Your goal:
The string "open" appears in some lines of the entries that follow; copy each such line.

Available data:
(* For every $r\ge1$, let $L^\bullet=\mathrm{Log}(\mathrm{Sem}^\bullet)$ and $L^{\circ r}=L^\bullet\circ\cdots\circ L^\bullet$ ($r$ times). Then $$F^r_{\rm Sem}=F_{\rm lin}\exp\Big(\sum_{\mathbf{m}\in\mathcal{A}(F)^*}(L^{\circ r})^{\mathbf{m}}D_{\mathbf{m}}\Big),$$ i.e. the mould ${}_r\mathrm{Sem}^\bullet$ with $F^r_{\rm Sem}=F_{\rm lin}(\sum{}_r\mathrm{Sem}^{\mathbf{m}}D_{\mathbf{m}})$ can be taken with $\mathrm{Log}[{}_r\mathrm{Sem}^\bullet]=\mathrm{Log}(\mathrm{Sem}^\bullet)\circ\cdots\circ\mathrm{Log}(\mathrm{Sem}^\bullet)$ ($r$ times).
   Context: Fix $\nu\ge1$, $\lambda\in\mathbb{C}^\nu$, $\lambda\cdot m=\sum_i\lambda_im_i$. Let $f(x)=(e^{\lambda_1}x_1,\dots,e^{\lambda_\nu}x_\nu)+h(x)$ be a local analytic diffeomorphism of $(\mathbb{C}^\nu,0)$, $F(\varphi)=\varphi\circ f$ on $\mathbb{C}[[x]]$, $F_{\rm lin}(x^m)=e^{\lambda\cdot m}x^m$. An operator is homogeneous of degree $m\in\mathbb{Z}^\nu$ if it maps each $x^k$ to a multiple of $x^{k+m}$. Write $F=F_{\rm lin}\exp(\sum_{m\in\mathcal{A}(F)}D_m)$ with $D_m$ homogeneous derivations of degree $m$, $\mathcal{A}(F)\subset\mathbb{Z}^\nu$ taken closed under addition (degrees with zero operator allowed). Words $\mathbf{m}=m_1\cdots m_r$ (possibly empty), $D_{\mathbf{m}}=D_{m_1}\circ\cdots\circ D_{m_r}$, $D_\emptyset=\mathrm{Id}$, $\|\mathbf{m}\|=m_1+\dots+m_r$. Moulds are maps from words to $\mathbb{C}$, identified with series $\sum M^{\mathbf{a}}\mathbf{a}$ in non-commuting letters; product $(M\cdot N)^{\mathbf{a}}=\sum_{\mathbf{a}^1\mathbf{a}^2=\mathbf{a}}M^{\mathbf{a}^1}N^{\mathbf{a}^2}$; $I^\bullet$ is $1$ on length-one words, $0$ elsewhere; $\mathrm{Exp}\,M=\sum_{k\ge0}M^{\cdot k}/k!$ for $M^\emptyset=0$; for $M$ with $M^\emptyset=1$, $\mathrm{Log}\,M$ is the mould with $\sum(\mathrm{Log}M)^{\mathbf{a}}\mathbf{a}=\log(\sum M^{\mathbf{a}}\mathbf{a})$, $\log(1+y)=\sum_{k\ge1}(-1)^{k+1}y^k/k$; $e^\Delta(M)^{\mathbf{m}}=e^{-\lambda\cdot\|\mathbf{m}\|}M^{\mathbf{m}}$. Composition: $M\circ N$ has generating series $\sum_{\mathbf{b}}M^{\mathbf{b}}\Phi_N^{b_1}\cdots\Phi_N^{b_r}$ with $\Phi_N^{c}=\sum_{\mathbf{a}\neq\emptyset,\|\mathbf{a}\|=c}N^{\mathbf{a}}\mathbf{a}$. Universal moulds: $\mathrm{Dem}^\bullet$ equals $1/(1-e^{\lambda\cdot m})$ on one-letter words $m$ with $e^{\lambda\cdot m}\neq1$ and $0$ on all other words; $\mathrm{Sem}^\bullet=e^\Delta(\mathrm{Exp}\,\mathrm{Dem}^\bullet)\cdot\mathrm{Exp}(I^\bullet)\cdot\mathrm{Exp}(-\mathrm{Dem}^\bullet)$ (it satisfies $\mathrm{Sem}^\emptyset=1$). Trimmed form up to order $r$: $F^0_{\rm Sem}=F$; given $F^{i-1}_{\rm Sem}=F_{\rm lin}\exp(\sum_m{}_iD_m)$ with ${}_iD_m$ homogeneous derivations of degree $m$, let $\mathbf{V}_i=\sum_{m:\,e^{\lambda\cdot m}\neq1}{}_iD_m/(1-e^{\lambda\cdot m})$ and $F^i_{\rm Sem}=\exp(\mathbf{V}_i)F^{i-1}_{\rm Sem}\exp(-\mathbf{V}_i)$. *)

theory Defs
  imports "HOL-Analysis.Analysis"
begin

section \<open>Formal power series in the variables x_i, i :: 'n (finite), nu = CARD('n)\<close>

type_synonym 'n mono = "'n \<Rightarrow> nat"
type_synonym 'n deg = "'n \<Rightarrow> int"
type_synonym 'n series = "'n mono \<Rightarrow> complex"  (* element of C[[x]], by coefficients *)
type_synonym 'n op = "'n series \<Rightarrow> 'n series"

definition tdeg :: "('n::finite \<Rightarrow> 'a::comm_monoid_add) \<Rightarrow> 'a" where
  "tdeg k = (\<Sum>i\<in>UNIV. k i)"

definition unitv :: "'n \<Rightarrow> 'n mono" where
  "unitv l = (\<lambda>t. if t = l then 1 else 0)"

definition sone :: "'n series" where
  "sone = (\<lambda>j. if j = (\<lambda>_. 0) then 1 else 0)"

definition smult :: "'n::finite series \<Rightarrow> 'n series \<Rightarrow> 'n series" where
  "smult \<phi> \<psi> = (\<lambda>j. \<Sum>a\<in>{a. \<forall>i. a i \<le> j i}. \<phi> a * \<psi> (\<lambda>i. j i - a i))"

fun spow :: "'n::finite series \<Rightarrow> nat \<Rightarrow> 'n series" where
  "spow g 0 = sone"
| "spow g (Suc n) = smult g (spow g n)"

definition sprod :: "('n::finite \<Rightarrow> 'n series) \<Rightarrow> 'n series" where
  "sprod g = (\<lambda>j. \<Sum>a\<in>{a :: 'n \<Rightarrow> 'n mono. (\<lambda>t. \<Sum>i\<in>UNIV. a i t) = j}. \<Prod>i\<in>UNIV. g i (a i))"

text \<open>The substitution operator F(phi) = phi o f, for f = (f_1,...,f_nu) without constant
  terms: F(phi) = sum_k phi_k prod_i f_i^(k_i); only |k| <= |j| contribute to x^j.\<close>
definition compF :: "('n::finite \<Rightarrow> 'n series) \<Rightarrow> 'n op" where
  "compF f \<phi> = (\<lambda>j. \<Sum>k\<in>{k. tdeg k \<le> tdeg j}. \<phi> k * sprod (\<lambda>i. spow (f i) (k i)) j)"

Answer below:
section \<open>Formal power series in the variables x_i, i :: 'n (finite), nu = CARD('n)\<close>
text \<open>The substitution operator F(phi) = phi o f, for f = (f_1,...,f_nu) without constant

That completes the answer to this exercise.